◆ **Data**:

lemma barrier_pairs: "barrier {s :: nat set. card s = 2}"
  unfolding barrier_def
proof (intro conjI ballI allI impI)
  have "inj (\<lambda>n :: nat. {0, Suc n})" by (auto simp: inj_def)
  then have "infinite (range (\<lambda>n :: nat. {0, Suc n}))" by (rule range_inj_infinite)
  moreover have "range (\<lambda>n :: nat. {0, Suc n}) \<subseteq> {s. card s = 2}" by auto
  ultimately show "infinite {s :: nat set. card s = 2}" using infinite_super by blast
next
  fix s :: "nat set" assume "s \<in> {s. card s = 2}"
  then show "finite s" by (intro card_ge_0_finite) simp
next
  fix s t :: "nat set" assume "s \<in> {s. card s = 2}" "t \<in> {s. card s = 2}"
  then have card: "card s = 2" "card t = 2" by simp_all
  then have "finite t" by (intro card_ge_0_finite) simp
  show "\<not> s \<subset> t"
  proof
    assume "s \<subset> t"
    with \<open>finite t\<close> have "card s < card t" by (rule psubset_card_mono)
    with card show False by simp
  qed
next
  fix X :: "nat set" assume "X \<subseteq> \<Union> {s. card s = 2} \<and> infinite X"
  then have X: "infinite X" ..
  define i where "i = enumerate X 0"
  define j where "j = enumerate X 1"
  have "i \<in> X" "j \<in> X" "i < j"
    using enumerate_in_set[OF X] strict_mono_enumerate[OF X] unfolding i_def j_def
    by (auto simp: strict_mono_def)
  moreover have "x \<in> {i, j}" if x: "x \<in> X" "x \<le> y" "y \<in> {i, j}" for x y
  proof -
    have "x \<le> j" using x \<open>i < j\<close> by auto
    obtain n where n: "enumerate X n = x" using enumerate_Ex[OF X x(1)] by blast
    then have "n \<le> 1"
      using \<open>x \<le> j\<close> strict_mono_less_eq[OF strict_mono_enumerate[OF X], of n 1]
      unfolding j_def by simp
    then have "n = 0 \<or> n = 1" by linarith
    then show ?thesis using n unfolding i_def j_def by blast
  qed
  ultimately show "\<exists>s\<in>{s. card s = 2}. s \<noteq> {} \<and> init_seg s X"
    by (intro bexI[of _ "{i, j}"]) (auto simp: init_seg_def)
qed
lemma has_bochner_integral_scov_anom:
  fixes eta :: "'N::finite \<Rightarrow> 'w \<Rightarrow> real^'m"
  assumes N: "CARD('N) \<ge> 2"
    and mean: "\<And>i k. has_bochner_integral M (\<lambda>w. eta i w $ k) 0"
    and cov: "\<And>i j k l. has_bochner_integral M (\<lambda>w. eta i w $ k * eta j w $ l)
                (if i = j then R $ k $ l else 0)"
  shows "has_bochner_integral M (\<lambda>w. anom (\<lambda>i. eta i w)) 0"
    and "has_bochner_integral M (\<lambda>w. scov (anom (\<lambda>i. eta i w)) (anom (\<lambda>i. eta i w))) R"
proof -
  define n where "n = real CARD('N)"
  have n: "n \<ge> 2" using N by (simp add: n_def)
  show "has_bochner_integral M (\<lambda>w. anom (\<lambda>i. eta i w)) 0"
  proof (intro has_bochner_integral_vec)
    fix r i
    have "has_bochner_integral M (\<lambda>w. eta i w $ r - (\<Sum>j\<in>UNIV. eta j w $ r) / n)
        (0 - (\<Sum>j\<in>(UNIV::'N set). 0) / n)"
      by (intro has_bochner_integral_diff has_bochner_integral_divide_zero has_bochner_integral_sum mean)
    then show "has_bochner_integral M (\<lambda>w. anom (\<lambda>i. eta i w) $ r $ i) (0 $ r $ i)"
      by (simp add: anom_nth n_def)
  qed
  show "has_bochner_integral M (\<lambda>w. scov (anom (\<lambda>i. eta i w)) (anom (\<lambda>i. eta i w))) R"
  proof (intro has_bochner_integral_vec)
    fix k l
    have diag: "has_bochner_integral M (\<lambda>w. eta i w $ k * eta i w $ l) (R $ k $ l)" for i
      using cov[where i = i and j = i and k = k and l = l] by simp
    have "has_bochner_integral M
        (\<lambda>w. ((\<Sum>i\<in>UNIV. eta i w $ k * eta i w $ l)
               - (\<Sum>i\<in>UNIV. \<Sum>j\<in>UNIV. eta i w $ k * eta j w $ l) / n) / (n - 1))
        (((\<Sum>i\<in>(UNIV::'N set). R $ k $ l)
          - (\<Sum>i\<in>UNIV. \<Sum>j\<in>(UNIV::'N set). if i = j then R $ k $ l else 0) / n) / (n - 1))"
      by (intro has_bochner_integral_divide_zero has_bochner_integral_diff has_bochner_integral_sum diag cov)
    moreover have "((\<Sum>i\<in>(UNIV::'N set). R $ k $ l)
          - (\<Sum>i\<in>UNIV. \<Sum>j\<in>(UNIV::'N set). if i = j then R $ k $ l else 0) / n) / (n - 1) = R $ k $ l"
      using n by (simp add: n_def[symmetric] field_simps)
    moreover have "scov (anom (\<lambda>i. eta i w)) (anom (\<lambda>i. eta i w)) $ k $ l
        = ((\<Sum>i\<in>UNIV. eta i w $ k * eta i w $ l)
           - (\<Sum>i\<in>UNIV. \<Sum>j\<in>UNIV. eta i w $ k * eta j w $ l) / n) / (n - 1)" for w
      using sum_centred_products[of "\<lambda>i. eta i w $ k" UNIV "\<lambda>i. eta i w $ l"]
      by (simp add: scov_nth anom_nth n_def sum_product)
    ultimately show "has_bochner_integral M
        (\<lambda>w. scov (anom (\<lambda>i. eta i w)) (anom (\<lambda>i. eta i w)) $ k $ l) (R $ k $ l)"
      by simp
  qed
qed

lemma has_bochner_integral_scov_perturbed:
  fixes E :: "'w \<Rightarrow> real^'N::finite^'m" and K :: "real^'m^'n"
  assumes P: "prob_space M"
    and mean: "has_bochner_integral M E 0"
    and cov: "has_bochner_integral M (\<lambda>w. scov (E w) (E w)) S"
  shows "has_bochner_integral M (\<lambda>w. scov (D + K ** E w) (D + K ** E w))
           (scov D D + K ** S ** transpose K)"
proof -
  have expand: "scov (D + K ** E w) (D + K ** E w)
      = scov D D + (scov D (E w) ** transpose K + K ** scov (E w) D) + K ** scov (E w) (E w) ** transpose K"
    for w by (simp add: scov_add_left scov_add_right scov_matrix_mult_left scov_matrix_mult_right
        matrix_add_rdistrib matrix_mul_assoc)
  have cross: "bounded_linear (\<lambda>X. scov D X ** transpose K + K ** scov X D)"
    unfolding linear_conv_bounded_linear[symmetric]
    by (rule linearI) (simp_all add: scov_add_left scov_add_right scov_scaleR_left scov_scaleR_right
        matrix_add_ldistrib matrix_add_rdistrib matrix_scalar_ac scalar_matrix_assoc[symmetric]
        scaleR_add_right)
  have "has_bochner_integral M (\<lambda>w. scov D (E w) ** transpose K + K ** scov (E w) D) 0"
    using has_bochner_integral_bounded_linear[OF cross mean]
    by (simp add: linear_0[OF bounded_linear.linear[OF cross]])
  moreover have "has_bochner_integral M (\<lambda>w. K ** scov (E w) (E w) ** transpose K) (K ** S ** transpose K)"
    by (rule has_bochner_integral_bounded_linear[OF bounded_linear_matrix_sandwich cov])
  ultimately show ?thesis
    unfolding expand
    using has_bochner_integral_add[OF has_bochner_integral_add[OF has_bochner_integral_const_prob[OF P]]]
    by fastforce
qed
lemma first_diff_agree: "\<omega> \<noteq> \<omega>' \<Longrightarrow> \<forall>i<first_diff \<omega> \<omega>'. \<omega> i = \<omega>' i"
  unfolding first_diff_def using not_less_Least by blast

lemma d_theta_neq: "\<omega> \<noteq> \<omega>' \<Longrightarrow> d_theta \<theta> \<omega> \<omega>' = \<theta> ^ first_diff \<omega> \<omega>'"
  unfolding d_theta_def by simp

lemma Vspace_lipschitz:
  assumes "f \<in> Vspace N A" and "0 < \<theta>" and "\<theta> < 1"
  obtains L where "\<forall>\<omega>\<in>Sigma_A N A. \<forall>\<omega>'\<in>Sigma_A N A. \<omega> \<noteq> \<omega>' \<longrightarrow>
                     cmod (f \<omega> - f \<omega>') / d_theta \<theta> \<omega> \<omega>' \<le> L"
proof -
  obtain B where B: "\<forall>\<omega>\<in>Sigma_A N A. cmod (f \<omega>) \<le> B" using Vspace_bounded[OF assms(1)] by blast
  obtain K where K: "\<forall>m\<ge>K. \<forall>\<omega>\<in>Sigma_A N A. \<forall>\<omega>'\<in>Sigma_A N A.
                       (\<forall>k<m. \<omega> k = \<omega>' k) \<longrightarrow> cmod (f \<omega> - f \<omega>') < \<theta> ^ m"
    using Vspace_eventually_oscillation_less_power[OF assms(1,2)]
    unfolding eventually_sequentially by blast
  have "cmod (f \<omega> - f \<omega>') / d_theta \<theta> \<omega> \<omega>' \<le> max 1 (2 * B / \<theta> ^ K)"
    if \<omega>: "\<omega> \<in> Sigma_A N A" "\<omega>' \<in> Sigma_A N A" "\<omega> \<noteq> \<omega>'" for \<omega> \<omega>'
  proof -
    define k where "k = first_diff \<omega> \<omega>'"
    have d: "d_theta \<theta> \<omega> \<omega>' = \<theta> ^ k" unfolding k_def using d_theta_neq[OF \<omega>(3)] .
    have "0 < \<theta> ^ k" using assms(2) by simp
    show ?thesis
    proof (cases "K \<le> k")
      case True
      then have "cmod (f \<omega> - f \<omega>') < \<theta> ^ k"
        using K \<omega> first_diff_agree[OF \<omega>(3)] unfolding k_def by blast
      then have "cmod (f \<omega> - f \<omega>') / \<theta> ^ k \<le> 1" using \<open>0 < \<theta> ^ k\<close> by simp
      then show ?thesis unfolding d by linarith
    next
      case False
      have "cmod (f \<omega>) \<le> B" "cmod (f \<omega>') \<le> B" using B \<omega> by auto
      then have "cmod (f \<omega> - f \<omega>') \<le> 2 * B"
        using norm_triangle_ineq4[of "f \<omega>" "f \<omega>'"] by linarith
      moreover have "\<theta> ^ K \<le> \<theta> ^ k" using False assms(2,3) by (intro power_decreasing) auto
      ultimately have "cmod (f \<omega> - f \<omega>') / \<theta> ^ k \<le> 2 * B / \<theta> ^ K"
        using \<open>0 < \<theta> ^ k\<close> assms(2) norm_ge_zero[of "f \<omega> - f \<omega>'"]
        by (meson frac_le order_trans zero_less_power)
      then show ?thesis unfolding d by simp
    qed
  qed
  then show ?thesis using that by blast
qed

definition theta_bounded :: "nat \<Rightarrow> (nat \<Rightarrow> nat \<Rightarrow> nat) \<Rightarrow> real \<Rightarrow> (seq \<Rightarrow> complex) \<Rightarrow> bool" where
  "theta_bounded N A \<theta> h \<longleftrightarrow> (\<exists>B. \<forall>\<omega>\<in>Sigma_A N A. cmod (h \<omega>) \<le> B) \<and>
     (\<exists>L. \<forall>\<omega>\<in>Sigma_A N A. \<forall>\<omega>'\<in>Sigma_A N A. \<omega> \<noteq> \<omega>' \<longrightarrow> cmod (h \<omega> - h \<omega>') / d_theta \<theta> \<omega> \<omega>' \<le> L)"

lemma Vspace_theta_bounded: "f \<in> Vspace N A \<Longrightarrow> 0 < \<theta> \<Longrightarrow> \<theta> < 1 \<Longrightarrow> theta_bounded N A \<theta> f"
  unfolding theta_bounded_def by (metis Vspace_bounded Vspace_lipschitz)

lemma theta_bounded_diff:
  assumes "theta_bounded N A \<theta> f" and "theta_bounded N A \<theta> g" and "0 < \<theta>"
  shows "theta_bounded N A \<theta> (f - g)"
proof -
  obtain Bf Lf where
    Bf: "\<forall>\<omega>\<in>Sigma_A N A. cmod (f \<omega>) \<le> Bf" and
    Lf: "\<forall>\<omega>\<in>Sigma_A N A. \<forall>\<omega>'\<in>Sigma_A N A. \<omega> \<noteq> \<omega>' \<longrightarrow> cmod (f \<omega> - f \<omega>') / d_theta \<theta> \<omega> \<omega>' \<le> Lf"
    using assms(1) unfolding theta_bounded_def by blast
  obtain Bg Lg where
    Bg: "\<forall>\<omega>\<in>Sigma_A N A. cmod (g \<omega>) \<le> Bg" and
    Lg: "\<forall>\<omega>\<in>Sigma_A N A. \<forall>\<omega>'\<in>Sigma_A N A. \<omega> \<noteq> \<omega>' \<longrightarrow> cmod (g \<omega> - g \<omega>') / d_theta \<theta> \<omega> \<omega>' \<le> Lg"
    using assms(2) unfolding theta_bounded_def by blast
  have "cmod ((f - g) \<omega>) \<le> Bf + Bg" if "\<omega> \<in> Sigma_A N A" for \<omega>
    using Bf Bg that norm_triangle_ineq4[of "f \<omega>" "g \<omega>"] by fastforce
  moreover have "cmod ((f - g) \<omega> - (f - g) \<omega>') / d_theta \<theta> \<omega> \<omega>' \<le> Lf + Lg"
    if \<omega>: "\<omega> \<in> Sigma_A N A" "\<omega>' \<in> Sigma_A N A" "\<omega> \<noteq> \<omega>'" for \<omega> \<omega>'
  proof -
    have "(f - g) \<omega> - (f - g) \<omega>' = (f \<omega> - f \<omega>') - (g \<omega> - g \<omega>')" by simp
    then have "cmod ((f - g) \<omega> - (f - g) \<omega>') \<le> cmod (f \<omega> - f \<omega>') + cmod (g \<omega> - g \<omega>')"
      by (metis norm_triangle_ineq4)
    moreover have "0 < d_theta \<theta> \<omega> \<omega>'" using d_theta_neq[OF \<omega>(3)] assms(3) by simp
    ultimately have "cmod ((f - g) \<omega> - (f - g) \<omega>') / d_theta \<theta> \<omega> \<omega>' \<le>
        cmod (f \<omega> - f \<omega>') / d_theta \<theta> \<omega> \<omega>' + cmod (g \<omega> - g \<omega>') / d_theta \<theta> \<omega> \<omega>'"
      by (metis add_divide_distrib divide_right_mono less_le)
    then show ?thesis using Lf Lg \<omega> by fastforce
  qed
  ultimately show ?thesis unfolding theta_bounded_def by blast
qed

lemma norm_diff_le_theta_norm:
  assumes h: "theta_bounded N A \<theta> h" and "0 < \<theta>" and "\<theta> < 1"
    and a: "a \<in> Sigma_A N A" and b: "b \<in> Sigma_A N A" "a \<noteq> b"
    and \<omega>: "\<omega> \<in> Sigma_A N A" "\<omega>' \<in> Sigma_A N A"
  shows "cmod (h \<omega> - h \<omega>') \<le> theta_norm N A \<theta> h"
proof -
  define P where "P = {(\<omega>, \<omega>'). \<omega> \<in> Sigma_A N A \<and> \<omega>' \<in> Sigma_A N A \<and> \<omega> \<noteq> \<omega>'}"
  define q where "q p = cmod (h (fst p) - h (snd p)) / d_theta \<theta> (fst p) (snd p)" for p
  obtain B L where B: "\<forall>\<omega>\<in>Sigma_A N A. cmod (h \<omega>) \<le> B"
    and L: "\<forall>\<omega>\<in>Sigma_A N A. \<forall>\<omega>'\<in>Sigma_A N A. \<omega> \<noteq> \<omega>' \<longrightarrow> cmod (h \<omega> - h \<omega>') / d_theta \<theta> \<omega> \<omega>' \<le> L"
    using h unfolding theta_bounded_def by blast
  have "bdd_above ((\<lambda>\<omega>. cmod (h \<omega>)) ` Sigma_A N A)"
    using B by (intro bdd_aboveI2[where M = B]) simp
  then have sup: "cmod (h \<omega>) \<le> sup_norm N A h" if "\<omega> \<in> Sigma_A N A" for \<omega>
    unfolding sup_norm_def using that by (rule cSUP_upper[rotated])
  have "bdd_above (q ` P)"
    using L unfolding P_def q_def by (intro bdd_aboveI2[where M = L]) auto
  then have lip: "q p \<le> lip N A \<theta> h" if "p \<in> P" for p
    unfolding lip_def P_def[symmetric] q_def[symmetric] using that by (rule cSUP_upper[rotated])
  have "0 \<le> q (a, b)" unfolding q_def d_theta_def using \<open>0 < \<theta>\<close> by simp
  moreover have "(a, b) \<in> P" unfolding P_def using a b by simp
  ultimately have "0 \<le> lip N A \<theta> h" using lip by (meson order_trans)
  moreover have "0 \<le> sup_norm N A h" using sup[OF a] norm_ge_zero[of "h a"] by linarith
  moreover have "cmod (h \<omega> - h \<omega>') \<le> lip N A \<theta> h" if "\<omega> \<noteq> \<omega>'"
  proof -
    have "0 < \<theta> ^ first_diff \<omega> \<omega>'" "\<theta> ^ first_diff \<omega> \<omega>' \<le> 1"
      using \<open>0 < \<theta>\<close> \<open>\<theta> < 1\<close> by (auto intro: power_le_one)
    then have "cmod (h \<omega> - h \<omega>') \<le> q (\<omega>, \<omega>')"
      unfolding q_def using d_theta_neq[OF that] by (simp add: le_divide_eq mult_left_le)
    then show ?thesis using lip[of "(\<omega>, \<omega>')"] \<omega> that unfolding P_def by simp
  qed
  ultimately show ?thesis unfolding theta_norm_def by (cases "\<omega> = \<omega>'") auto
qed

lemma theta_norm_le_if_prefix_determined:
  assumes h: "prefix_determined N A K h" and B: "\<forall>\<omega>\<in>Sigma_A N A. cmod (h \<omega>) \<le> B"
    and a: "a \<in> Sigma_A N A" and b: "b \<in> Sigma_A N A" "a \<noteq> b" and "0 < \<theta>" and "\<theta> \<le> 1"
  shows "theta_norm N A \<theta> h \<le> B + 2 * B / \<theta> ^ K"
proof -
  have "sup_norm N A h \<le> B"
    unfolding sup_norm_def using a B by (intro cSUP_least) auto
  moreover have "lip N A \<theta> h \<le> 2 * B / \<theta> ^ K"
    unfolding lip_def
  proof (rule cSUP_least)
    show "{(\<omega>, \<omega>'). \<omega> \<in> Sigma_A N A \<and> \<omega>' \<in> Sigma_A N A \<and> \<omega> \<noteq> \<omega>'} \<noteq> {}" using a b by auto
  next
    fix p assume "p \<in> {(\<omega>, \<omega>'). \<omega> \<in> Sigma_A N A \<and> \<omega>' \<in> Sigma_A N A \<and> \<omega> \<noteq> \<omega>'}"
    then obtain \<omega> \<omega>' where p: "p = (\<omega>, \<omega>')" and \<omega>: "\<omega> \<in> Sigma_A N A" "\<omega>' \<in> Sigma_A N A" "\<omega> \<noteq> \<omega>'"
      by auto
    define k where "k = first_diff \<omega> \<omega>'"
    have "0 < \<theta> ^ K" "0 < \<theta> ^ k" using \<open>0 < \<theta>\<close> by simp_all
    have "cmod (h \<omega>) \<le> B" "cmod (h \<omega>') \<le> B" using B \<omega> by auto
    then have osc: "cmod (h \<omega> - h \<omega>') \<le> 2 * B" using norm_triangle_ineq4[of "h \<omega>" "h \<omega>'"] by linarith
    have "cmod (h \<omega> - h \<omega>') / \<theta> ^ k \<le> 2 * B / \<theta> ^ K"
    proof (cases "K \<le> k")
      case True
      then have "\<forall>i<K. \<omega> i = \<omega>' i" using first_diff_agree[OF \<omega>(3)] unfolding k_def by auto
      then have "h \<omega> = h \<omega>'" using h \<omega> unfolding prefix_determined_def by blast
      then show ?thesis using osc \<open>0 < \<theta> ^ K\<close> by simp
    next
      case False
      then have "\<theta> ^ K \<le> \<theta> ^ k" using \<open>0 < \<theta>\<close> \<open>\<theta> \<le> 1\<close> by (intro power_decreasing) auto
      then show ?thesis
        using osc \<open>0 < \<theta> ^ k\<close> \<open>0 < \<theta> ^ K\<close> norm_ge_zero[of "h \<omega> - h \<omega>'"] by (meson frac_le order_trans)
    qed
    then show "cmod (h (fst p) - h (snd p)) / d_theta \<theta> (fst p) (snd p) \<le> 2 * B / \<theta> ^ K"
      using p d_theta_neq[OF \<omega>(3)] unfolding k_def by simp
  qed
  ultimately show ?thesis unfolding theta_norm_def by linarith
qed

◆ **Exercise directions**: Once you have counted the lines above containing the word "transpose", state that number and nothing more.

◆ **Task output**: 5